Y cuando empezó la lucha para dejarla hospitalizada cuando pudiera haber terminado de curarse en casa, con la vecina bondadosa que decidió arriesgarse y alertarnos de su caso. Esa solidaria mujer que no la dejó sola en el hospital aun cuando tenía sus propios hijos pequeños a los que cuidar. Entre tanto, el equipo de Médicos Sin Fronteras mediaba con otras organizaciones para que se le recibiera en la capital del distrito —La Palma, como una zona de alto riesgo de seguridad, nadie quería venir por ella—, donde podría encontrarse un hogar permanente para Fátima. Un espacio para que lograra reintegrarse, después de muchísimo trabajo de salud mental y física, a esta salvaje sociedad.
Tomó muchos e-mails y muchas llamadas de teléfono para que alguien accediera a sacarla en avión, que el hospital del distrito la aceptara como paciente, que una organización que pudiera darle protección tomara su caso. Pero así se pelean estas batallas: rogando por que la señal del internet satelital coopere, por que salgan las llamadas por el teléfono, para encontrar un espacio donde el teléfono satelital funcione, y buscando entendernos entre cooperantes que hablan distintos idiomas, entre mi terrible portuñol y el inglés a medias de los portugueses locales.

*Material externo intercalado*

lemma energy_integrable_of_truncated:
  assumes mh: "(\<lambda>(x,\<omega>). h x \<omega>) \<in> borel_measurable (lborel \<Otimes>\<^sub>M G)"
    and mk: "(\<lambda>(x,\<omega>). k x \<omega>) \<in> borel_measurable (lborel \<Otimes>\<^sub>M G)"
    and th: "\<And>x \<omega>. \<tau> < \<gamma> \<omega> \<Longrightarrow> h x \<omega> = 0" and tk: "\<And>x \<omega>. \<tau> < \<gamma> \<omega> \<Longrightarrow> k x \<omega> = 0"
    and fh: "(\<integral>\<^sup>+\<omega>. \<integral>\<^sup>+x. ennreal ((norm (h x \<omega>))\<^sup>2) \<partial>MD D \<partial>G) < \<infinity>"
    and fk: "(\<integral>\<^sup>+\<omega>. \<integral>\<^sup>+x. ennreal ((norm (k x \<omega>))\<^sup>2) \<partial>MD D \<partial>G) < \<infinity>"
    and tau: "0 \<le> \<tau>"
  shows "integrable MDG (energy_density C h k)"
proof -
  let ?f = "\<lambda>x \<omega>. ennreal \<tau> * ennreal ((norm (h x \<omega>))\<^sup>2) + ennreal \<tau> * ennreal ((norm (k x \<omega>))\<^sup>2)"
  have nh: "(\<lambda>(x,\<omega>). ennreal ((norm (h x \<omega>))\<^sup>2)) \<in> borel_measurable (lborel \<Otimes>\<^sub>M G)"
    and nk: "(\<lambda>(x,\<omega>). ennreal ((norm (k x \<omega>))\<^sup>2)) \<in> borel_measurable (lborel \<Otimes>\<^sub>M G)"
    using mh mk by measurable
  have "AE \<omega> in G. AE x in MD D. ennreal \<bar>k x \<omega> \<bullet> (C x \<omega> *v h x \<omega>)\<bar> \<le> ?f x \<omega>"
    using C_le_\<gamma>
  proof eventually_elim
    case (elim \<omega>)
    moreover have "AE x in MD D. x \<in> D" by (rule AE_I2) simp
    ultimately show ?case
    proof eventually_elim
      case (elim x)
      have "\<bar>k x \<omega> \<bullet> (C x \<omega> *v h x \<omega>)\<bar> \<le> \<tau> * (norm (h x \<omega>))\<^sup>2 + \<tau> * (norm (k x \<omega>))\<^sup>2"
      proof (cases "\<gamma> \<omega> \<le> \<tau>")
        case True
        then have "\<gamma> \<omega> * (norm v)\<^sup>2 \<le> \<tau> * (norm v)\<^sup>2" for v by (intro mult_right_mono) auto
        then have le: "v \<bullet> (C x \<omega> *v v) \<le> \<tau> * (norm v)\<^sup>2" for v using elim(1) order_trans by blast
        have nonneg: "0 \<le> \<tau> * (norm v)\<^sup>2" for v using tau by simp
        have "(h x \<omega> \<bullet> (C x \<omega> *v h x \<omega>) + k x \<omega> \<bullet> (C x \<omega> *v k x \<omega>)) / 2
            \<le> \<tau> * (norm (h x \<omega>))\<^sup>2 + \<tau> * (norm (k x \<omega>))\<^sup>2"
          using le[of "h x \<omega>"] le[of "k x \<omega>"] nonneg[of "h x \<omega>"] nonneg[of "k x \<omega>"]
          by (simp add: field_simps)
        then show ?thesis using energy_abs_le[OF elim(2), of "k x \<omega>" \<omega> "h x \<omega>"] by linarith
      qed (use th tau in simp)
      then have "ennreal \<bar>k x \<omega> \<bullet> (C x \<omega> *v h x \<omega>)\<bar>
          \<le> ennreal (\<tau> * (norm (h x \<omega>))\<^sup>2 + \<tau> * (norm (k x \<omega>))\<^sup>2)"
        by (rule ennreal_leI)
      then show ?case using tau by (simp add: ennreal_plus ennreal_mult)
    qed
  qed
  then have "(\<integral>\<^sup>+\<omega>. \<integral>\<^sup>+x. ennreal \<bar>k x \<omega> \<bullet> (C x \<omega> *v h x \<omega>)\<bar> \<partial>MD D \<partial>G) \<le> (\<integral>\<^sup>+\<omega>. \<integral>\<^sup>+x. ?f x \<omega> \<partial>MD D \<partial>G)"
    by (rule nn_integral_mono_AE[OF eventually_mono]) (rule nn_integral_mono_AE)
  also have "\<dots> = (\<integral>\<^sup>+z. ?f (fst z) (snd z) \<partial>MDG)"
    by (rule nn_integral_iterated) (use nh nk in measurable)
  also have "\<dots> = ennreal \<tau> * (\<integral>\<^sup>+z. ennreal ((norm (h (fst z) (snd z)))\<^sup>2) \<partial>MDG)
      + ennreal \<tau> * (\<integral>\<^sup>+z. ennreal ((norm (k (fst z) (snd z)))\<^sup>2) \<partial>MDG)"
    using measurable_MDG_of_lborel[OF nh] measurable_MDG_of_lborel[OF nk]
    by (subst nn_integral_add) (auto simp: nn_integral_cmult)
  also have "\<dots> = ennreal \<tau> * (\<integral>\<^sup>+\<omega>. \<integral>\<^sup>+x. ennreal ((norm (h x \<omega>))\<^sup>2) \<partial>MD D \<partial>G)
      + ennreal \<tau> * (\<integral>\<^sup>+\<omega>. \<integral>\<^sup>+x. ennreal ((norm (k x \<omega>))\<^sup>2) \<partial>MD D \<partial>G)"
    using nn_integral_iterated[OF nh] nn_integral_iterated[OF nk] by simp
  also have "\<dots> < \<infinity>" using fh fk by (simp add: ennreal_mult_less_top)
  finally have "(\<integral>\<^sup>+\<omega>. \<integral>\<^sup>+x. ennreal \<bar>k x \<omega> \<bullet> (C x \<omega> *v h x \<omega>)\<bar> \<partial>MD D \<partial>G) < \<infinity>" .
  moreover have "(\<integral>\<^sup>+z. ennreal (norm (energy_density C h k z)) \<partial>MDG)
      = (\<integral>\<^sup>+\<omega>. \<integral>\<^sup>+x. ennreal \<bar>k x \<omega> \<bullet> (C x \<omega> *v h x \<omega>)\<bar> \<partial>MD D \<partial>G)"
    by (subst nn_integral_iterated)
      (use energy_integrand_measurable[OF mh mk] in \<open>measurable, simp add: energy_density_def\<close>)
  ultimately show ?thesis
    unfolding integrable_iff_bounded using energy_density_measurable[OF mh mk] by simp
qed

lemma energy_density_sum_integrable:
  assumes "finite I" and int: "\<And>n m. n \<in> I \<Longrightarrow> m \<in> I \<Longrightarrow> integrable MDG (energy_density C (e n) (e m))"
  shows "integrable MDG (energy_density C (\<lambda>x \<omega>. \<Sum>n\<in>I. a n *\<^sub>R e n x \<omega>) (\<lambda>x \<omega>. \<Sum>m\<in>I. d m *\<^sub>R e m x \<omega>))"
    and "(\<integral>z. energy_density C (\<lambda>x \<omega>. \<Sum>n\<in>I. a n *\<^sub>R e n x \<omega>) (\<lambda>x \<omega>. \<Sum>m\<in>I. d m *\<^sub>R e m x \<omega>) z \<partial>MDG)
      = (\<Sum>m\<in>I. \<Sum>n\<in>I. d m * a n * (\<integral>z. energy_density C (e n) (e m) z \<partial>MDG))"
  unfolding energy_density_sum[abs_def] using int
  by (auto intro!: Bochner_Integration.integrable_sum simp: Bochner_Integration.integral_sum)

La luz se asoma en una sonrisa
Visité a Fátima tanto tiempo en el hospital para asegurarme que tuviera dinero para comer, que pude ir viendo su transformación; de aquella personita silenciosa y malherida a una niña capaz de sonreír de nuevo, en solo algunas semanas, vi una resiliencia que nunca dejará de asombrarme. La de las niñas y niños sobre todo lo demás.
Cuando me acuerdo de ella, de su sonrisa fugaz y de las pocas palabras que logramos cruzar en su dialecto, no pienso en el hermano o en los “clientes” de Fátima. Pienso en la sonrisa bondadosa de la vecina que cambio una vida para siempre, la que decidió que aquel horror tenía que terminar y cuidó de Fátima como a una hija, aun en contra de los deseos de su marido. Porque este mundo está lleno de gente terrible capaz de hacer lo innombrable, pero también de gente maravillosa que encuentra dentro de sí el pode de cambiar las cosas.
Pienso seguido en Fátima. Trato de imaginarla de nuevo una niña, con techo y comida, pero sobre todo a salvo de su pesadilla. La pesadilla que ahora trato de exorcizar de mi mente para que ni Fátima ni yo sigamos soñándola. Contando su historia, para que no se olvide, pensando que contando el horror de alguna forma dejará de repetirse.